=== Exercise data ===

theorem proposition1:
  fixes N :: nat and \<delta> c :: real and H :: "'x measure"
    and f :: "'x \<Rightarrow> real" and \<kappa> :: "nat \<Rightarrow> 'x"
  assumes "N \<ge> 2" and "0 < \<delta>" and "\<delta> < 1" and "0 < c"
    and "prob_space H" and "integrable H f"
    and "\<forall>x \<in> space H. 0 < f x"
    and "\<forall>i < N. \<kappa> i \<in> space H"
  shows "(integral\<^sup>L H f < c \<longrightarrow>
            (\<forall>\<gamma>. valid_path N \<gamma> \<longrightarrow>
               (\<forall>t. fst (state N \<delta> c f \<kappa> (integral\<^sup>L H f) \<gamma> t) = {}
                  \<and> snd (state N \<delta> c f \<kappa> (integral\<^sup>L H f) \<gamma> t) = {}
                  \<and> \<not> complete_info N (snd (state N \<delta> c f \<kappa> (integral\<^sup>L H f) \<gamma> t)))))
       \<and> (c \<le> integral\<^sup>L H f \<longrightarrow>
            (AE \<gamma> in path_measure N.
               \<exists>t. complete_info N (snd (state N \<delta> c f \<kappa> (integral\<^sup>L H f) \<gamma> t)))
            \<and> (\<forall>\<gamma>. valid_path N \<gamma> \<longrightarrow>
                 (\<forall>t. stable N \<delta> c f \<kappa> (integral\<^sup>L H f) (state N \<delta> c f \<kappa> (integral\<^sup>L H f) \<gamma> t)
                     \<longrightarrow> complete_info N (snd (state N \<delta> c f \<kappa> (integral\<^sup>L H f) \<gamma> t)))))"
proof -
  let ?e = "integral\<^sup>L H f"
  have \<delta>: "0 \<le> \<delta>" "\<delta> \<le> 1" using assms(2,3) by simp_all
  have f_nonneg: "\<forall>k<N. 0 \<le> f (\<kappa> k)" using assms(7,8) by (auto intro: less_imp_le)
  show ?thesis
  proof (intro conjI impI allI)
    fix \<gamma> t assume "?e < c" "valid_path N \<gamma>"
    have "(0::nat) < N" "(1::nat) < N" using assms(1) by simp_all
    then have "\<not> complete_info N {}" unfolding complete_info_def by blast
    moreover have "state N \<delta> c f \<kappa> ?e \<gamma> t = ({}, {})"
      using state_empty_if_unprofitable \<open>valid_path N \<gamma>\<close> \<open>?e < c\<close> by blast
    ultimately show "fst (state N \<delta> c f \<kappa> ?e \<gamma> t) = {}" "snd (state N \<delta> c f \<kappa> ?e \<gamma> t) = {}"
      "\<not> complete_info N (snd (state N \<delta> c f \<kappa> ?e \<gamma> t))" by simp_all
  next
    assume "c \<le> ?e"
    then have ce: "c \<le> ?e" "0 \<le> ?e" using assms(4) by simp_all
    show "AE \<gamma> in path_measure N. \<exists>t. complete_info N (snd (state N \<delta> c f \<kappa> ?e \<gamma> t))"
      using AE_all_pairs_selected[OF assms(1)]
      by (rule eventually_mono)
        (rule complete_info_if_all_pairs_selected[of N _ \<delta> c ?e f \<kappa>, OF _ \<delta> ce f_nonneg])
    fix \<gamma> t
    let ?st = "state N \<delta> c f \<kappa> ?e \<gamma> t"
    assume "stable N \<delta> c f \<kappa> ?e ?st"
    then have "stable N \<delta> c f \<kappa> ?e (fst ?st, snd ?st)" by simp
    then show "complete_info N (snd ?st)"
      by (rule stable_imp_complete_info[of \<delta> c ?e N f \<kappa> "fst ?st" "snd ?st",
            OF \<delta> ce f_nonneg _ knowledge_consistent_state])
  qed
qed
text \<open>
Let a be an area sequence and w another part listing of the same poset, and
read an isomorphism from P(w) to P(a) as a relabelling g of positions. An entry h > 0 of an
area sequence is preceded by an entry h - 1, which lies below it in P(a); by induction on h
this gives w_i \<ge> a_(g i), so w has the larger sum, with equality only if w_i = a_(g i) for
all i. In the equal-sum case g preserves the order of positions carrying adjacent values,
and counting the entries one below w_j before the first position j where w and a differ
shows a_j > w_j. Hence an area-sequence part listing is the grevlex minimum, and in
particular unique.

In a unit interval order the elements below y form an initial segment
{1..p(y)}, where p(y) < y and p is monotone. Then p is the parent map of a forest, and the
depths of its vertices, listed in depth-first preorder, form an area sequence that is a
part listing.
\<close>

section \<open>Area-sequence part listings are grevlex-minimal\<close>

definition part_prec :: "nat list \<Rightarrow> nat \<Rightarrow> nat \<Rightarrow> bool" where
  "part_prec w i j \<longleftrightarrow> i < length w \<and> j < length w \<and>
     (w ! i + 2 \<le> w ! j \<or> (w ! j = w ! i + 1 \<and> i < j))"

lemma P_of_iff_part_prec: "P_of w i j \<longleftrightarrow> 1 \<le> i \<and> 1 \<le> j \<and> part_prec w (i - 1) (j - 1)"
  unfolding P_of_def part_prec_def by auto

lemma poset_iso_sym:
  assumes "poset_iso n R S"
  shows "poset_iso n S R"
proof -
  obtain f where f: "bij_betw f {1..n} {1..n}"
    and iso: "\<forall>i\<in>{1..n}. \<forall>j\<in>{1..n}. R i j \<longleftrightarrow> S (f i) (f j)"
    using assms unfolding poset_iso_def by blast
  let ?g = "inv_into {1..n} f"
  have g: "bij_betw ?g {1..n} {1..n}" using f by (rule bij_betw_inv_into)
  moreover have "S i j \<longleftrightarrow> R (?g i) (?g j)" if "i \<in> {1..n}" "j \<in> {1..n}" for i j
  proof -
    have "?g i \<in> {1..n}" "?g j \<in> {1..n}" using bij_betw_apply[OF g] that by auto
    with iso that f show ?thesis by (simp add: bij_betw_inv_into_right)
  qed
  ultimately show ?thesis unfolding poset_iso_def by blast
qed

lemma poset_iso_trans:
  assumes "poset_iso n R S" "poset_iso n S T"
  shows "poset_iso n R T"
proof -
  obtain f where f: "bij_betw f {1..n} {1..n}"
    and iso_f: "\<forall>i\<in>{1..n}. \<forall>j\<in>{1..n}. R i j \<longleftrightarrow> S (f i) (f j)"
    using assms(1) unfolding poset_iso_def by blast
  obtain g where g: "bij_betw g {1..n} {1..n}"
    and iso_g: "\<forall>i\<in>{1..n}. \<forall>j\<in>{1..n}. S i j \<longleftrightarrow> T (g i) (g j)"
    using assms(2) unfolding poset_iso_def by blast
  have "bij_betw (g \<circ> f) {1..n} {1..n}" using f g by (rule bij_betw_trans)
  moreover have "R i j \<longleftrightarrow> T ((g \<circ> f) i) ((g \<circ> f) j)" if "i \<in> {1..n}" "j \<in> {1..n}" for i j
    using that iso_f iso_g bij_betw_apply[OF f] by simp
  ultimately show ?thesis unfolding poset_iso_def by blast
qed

===

» What needs to be done
Nothing may be omitted; retype every record exactly.

» Result of the task
theorem proposition1:
  fixes N :: nat and \<delta> c :: real and H :: "'x measure"
    and f :: "'x \<Rightarrow> real" and \<kappa> :: "nat \<Rightarrow> 'x"
  assumes "N \<ge> 2" and "0 < \<delta>" and "\<delta> < 1" and "0 < c"
    and "prob_space H" and "integrable H f"
    and "\<forall>x \<in> space H. 0 < f x"
    and "\<forall>i < N. \<kappa> i \<in> space H"
  shows "(integral\<^sup>L H f < c \<longrightarrow>
            (\<forall>\<gamma>. valid_path N \<gamma> \<longrightarrow>
               (\<forall>t. fst (state N \<delta> c f \<kappa> (integral\<^sup>L H f) \<gamma> t) = {}
                  \<and> snd (state N \<delta> c f \<kappa> (integral\<^sup>L H f) \<gamma> t) = {}
                  \<and> \<not> complete_info N (snd (state N \<delta> c f \<kappa> (integral\<^sup>L H f) \<gamma> t)))))
       \<and> (c \<le> integral\<^sup>L H f \<longrightarrow>
            (AE \<gamma> in path_measure N.
               \<exists>t. complete_info N (snd (state N \<delta> c f \<kappa> (integral\<^sup>L H f) \<gamma> t)))
            \<and> (\<forall>\<gamma>. valid_path N \<gamma> \<longrightarrow>
                 (\<forall>t. stable N \<delta> c f \<kappa> (integral\<^sup>L H f) (state N \<delta> c f \<kappa> (integral\<^sup>L H f) \<gamma> t)
                     \<longrightarrow> complete_info N (snd (state N \<delta> c f \<kappa> (integral\<^sup>L H f) \<gamma> t)))))"
proof -
  let ?e = "integral\<^sup>L H f"
  have \<delta>: "0 \<le> \<delta>" "\<delta> \<le> 1" using assms(2,3) by simp_all
  have f_nonneg: "\<forall>k<N. 0 \<le> f (\<kappa> k)" using assms(7,8) by (auto intro: less_imp_le)
  show ?thesis
  proof (intro conjI impI allI)
    fix \<gamma> t assume "?e < c" "valid_path N \<gamma>"
    have "(0::nat) < N" "(1::nat) < N" using assms(1) by simp_all
    then have "\<not> complete_info N {}" unfolding complete_info_def by blast
    moreover have "state N \<delta> c f \<kappa> ?e \<gamma> t = ({}, {})"
      using state_empty_if_unprofitable \<open>valid_path N \<gamma>\<close> \<open>?e < c\<close> by blast
    ultimately show "fst (state N \<delta> c f \<kappa> ?e \<gamma> t) = {}" "snd (state N \<delta> c f \<kappa> ?e \<gamma> t) = {}"
      "\<not> complete_info N (snd (state N \<delta> c f \<kappa> ?e \<gamma> t))" by simp_all
  next
    assume "c \<le> ?e"
    then have ce: "c \<le> ?e" "0 \<le> ?e" using assms(4) by simp_all
    show "AE \<gamma> in path_measure N. \<exists>t. complete_info N (snd (state N \<delta> c f \<kappa> ?e \<gamma> t))"
      using AE_all_pairs_selected[OF assms(1)]
      by (rule eventually_mono)
        (rule complete_info_if_all_pairs_selected[of N _ \<delta> c ?e f \<kappa>, OF _ \<delta> ce f_nonneg])
    fix \<gamma> t
    let ?st = "state N \<delta> c f \<kappa> ?e \<gamma> t"
    assume "stable N \<delta> c f \<kappa> ?e ?st"
    then have "stable N \<delta> c f \<kappa> ?e (fst ?st, snd ?st)" by simp
    then show "complete_info N (snd ?st)"
      by (rule stable_imp_complete_info[of \<delta> c ?e N f \<kappa> "fst ?st" "snd ?st",
            OF \<delta> ce f_nonneg _ knowledge_consistent_state])
  qed
qed
text \<open>
Let a be an area sequence and w another part listing of the same poset, and
read an isomorphism from P(w) to P(a) as a relabelling g of positions. An entry h > 0 of an
area sequence is preceded by an entry h - 1, which lies below it in P(a); by induction on h
this gives w_i \<ge> a_(g i), so w has the larger sum, with equality only if w_i = a_(g i) for
all i. In the equal-sum case g preserves the order of positions carrying adjacent values,
and counting the entries one below w_j before the first position j where w and a differ
shows a_j > w_j. Hence an area-sequence part listing is the grevlex minimum, and in
particular unique.

In a unit interval order the elements below y form an initial segment
{1..p(y)}, where p(y) < y and p is monotone. Then p is the parent map of a forest, and the
depths of its vertices, listed in depth-first preorder, form an area sequence that is a
part listing.
\<close>

section \<open>Area-sequence part listings are grevlex-minimal\<close>

definition part_prec :: "nat list \<Rightarrow> nat \<Rightarrow> nat \<Rightarrow> bool" where
  "part_prec w i j \<longleftrightarrow> i < length w \<and> j < length w \<and>
     (w ! i + 2 \<le> w ! j \<or> (w ! j = w ! i + 1 \<and> i < j))"

lemma P_of_iff_part_prec: "P_of w i j \<longleftrightarrow> 1 \<le> i \<and> 1 \<le> j \<and> part_prec w (i - 1) (j - 1)"
  unfolding P_of_def part_prec_def by auto

lemma poset_iso_sym:
  assumes "poset_iso n R S"
  shows "poset_iso n S R"
proof -
  obtain f where f: "bij_betw f {1..n} {1..n}"
    and iso: "\<forall>i\<in>{1..n}. \<forall>j\<in>{1..n}. R i j \<longleftrightarrow> S (f i) (f j)"
    using assms unfolding poset_iso_def by blast
  let ?g = "inv_into {1..n} f"
  have g: "bij_betw ?g {1..n} {1..n}" using f by (rule bij_betw_inv_into)
  moreover have "S i j \<longleftrightarrow> R (?g i) (?g j)" if "i \<in> {1..n}" "j \<in> {1..n}" for i j
  proof -
    have "?g i \<in> {1..n}" "?g j \<in> {1..n}" using bij_betw_apply[OF g] that by auto
    with iso that f show ?thesis by (simp add: bij_betw_inv_into_right)
  qed
  ultimately show ?thesis unfolding poset_iso_def by blast
qed

lemma poset_iso_trans:
  assumes "poset_iso n R S" "poset_iso n S T"
  shows "poset_iso n R T"
proof -
  obtain f where f: "bij_betw f {1..n} {1..n}"
    and iso_f: "\<forall>i\<in>{1..n}. \<forall>j\<in>{1..n}. R i j \<longleftrightarrow> S (f i) (f j)"
    using assms(1) unfolding poset_iso_def by blast
  obtain g where g: "bij_betw g {1..n} {1..n}"
    and iso_g: "\<forall>i\<in>{1..n}. \<forall>j\<in>{1..n}. S i j \<longleftrightarrow> T (g i) (g j)"
    using assms(2) unfolding poset_iso_def by blast
  have "bij_betw (g \<circ> f) {1..n} {1..n}" using f g by (rule bij_betw_trans)
  moreover have "R i j \<longleftrightarrow> T ((g \<circ> f) i) ((g \<circ> f) j)" if "i \<in> {1..n}" "j \<in> {1..n}" for i j
    using that iso_f iso_g bij_betw_apply[OF f] by simp
  ultimately show ?thesis unfolding poset_iso_def by blast
qed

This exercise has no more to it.